-- GIVEN DATA follows --
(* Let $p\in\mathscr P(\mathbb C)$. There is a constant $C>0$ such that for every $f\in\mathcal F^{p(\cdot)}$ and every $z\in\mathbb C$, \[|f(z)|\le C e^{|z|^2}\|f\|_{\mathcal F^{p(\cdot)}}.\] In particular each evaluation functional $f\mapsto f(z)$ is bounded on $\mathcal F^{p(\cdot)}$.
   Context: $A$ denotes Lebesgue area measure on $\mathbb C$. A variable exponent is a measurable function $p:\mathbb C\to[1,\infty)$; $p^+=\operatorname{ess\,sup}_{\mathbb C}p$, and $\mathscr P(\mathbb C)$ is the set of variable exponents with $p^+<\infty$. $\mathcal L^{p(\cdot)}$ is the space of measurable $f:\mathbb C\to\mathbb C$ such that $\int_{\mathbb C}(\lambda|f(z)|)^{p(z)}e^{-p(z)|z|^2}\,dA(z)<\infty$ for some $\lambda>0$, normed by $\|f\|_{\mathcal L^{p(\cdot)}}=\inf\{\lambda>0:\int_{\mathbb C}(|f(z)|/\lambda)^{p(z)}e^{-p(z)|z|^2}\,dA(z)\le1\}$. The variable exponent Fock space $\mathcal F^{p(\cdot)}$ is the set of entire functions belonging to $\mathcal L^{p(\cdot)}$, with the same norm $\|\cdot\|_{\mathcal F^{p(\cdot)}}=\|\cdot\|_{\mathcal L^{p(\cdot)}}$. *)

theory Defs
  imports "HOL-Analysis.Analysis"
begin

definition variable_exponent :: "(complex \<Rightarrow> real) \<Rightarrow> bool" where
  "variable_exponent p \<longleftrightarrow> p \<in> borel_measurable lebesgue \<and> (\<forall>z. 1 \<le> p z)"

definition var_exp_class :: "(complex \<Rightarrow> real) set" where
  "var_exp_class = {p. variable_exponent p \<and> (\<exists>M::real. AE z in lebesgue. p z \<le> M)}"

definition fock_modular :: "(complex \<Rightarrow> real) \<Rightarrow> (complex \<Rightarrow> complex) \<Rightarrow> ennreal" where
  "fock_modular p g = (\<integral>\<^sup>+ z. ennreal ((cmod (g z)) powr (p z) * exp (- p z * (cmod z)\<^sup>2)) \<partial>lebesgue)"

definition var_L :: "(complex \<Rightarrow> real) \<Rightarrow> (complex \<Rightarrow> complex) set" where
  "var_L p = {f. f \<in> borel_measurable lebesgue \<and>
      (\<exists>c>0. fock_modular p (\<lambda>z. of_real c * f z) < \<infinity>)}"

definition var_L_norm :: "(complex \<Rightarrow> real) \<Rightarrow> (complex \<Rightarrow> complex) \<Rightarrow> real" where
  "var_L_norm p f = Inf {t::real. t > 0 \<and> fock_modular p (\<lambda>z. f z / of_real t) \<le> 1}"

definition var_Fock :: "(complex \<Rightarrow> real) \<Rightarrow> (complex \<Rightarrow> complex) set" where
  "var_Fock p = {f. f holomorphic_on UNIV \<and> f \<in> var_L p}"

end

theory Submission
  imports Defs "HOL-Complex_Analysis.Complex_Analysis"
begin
-- GIVEN DATA concluded --
-- GIVEN DATA follows --
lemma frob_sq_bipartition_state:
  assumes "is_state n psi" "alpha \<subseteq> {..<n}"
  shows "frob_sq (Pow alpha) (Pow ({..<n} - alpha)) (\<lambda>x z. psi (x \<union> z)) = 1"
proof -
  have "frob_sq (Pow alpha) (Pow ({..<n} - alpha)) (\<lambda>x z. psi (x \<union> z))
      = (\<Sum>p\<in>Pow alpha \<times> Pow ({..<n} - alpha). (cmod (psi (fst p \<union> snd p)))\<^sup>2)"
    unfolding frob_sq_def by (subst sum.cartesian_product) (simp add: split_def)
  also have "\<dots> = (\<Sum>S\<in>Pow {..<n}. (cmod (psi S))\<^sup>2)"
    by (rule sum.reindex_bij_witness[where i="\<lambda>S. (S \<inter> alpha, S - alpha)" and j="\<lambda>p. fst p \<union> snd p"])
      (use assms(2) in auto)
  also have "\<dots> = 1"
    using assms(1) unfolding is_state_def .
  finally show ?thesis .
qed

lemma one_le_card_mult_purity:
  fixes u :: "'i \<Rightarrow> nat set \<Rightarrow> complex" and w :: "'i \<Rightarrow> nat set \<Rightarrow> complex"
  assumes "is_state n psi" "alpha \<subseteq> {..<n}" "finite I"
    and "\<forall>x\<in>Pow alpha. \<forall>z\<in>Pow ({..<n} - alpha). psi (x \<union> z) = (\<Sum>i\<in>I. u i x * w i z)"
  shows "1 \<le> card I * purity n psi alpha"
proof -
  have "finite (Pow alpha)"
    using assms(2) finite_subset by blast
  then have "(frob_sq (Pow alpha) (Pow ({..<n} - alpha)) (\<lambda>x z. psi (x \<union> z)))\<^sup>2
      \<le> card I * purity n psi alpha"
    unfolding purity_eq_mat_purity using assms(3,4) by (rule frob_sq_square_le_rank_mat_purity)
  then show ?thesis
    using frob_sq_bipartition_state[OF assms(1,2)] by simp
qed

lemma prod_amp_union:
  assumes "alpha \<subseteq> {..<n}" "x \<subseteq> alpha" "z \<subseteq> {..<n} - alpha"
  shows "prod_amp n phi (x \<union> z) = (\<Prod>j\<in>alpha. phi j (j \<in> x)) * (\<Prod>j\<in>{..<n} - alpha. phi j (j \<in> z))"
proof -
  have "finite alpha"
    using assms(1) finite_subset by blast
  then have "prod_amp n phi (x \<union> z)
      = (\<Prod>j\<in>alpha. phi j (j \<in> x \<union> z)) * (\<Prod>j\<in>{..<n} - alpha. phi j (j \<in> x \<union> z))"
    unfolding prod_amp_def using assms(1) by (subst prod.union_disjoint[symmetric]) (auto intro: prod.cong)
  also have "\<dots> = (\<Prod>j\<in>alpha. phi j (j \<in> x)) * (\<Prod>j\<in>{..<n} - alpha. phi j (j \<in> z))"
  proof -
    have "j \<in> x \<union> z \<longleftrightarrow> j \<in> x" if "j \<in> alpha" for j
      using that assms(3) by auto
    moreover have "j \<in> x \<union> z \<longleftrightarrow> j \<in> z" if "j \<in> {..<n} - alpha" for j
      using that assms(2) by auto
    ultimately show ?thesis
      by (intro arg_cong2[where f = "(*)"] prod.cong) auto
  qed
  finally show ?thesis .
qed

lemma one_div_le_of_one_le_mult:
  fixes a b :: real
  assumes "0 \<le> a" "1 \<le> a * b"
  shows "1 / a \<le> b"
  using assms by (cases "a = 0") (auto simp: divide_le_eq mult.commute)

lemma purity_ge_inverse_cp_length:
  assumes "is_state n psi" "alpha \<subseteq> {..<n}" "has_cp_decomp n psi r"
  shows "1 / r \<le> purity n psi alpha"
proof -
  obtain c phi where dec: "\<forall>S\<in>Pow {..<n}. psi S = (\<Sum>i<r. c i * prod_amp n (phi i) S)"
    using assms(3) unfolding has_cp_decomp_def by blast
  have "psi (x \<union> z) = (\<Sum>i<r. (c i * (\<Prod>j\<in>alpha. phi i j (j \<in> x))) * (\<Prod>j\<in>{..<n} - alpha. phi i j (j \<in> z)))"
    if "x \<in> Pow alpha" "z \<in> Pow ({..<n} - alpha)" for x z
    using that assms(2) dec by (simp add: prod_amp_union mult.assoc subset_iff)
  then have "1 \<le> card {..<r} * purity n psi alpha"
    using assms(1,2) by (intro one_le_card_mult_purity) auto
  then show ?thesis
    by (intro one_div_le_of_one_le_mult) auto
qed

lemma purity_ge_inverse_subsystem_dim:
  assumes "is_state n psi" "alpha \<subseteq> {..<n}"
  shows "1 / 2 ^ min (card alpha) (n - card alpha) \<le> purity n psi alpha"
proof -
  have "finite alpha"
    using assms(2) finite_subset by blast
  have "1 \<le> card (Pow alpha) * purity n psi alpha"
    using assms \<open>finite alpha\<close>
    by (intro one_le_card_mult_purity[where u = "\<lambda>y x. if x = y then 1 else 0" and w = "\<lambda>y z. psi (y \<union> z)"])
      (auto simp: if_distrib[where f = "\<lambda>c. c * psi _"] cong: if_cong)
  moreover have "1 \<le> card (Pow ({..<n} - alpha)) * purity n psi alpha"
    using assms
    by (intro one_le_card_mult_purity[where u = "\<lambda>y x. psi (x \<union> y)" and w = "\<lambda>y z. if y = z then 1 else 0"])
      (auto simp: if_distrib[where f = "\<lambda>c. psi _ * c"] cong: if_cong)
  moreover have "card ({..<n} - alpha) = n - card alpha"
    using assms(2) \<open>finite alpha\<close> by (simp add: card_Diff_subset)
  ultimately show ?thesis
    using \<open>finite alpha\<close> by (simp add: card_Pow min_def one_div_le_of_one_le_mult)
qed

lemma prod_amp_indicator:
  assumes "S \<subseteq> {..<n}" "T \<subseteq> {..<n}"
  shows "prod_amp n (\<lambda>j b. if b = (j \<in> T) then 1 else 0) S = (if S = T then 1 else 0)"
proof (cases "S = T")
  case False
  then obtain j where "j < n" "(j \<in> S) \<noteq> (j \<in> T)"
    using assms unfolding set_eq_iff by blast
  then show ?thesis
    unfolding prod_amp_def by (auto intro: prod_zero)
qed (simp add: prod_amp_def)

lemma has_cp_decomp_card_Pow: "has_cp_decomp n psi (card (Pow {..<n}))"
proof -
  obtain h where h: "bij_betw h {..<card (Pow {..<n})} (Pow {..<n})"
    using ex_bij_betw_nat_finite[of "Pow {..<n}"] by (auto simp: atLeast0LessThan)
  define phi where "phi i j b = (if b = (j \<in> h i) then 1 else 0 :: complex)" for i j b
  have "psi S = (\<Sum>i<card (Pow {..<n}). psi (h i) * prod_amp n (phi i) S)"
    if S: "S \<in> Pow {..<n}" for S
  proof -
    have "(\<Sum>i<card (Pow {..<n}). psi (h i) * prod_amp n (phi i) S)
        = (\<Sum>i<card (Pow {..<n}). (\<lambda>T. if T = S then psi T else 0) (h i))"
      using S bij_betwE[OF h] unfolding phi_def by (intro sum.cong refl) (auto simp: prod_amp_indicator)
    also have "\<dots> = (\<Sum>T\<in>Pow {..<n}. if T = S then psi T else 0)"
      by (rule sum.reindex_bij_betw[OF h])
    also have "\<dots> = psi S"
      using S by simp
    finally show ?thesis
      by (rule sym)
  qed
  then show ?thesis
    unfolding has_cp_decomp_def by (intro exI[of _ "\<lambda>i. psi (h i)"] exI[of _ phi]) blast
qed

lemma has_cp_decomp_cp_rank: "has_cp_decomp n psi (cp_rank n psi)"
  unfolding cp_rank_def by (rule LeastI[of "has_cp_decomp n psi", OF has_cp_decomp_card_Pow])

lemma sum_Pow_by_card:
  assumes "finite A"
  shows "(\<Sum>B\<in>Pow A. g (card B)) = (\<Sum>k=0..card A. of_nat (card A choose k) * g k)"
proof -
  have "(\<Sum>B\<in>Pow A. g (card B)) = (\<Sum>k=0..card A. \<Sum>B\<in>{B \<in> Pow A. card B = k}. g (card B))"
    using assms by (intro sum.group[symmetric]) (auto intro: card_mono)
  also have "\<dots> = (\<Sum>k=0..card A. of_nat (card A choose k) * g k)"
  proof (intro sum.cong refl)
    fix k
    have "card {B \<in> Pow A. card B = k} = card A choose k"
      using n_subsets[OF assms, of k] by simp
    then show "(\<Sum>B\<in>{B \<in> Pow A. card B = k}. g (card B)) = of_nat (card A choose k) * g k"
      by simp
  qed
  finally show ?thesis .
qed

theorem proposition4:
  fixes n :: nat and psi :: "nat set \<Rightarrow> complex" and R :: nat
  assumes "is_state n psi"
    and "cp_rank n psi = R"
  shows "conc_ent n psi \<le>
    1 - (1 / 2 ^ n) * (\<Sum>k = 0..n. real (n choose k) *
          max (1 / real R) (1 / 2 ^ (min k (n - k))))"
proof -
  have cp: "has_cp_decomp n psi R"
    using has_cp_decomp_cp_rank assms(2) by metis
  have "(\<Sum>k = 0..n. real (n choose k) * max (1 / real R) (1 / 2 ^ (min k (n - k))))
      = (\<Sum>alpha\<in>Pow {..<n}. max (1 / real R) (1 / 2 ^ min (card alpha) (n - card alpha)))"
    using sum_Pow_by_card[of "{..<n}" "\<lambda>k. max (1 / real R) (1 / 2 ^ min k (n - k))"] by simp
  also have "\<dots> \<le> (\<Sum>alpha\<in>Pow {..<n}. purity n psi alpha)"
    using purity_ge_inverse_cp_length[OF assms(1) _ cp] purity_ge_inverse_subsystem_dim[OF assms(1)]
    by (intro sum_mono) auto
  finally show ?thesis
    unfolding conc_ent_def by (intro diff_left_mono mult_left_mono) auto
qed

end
-- GIVEN DATA concluded --
=== TASK PROMPT ===
Return exactly the lines above from the line that has "(* Let $p\in\mathscr" through the line that has "g = (\<integral>\<^sup>+", inclusive, and nothing else.

=== WRITTEN RESPONSE ===
(* Let $p\in\mathscr P(\mathbb C)$. There is a constant $C>0$ such that for every $f\in\mathcal F^{p(\cdot)}$ and every $z\in\mathbb C$, \[|f(z)|\le C e^{|z|^2}\|f\|_{\mathcal F^{p(\cdot)}}.\] In particular each evaluation functional $f\mapsto f(z)$ is bounded on $\mathcal F^{p(\cdot)}$.
   Context: $A$ denotes Lebesgue area measure on $\mathbb C$. A variable exponent is a measurable function $p:\mathbb C\to[1,\infty)$; $p^+=\operatorname{ess\,sup}_{\mathbb C}p$, and $\mathscr P(\mathbb C)$ is the set of variable exponents with $p^+<\infty$. $\mathcal L^{p(\cdot)}$ is the space of measurable $f:\mathbb C\to\mathbb C$ such that $\int_{\mathbb C}(\lambda|f(z)|)^{p(z)}e^{-p(z)|z|^2}\,dA(z)<\infty$ for some $\lambda>0$, normed by $\|f\|_{\mathcal L^{p(\cdot)}}=\inf\{\lambda>0:\int_{\mathbb C}(|f(z)|/\lambda)^{p(z)}e^{-p(z)|z|^2}\,dA(z)\le1\}$. The variable exponent Fock space $\mathcal F^{p(\cdot)}$ is the set of entire functions belonging to $\mathcal L^{p(\cdot)}$, with the same norm $\|\cdot\|_{\mathcal F^{p(\cdot)}}=\|\cdot\|_{\mathcal L^{p(\cdot)}}$. *)

theory Defs
  imports "HOL-Analysis.Analysis"
begin

definition variable_exponent :: "(complex \<Rightarrow> real) \<Rightarrow> bool" where
  "variable_exponent p \<longleftrightarrow> p \<in> borel_measurable lebesgue \<and> (\<forall>z. 1 \<le> p z)"

definition var_exp_class :: "(complex \<Rightarrow> real) set" where
  "var_exp_class = {p. variable_exponent p \<and> (\<exists>M::real. AE z in lebesgue. p z \<le> M)}"

definition fock_modular :: "(complex \<Rightarrow> real) \<Rightarrow> (complex \<Rightarrow> complex) \<Rightarrow> ennreal" where
  "fock_modular p g = (\<integral>\<^sup>+ z. ennreal ((cmod (g z)) powr (p z) * exp (- p z * (cmod z)\<^sup>2)) \<partial>lebesgue)"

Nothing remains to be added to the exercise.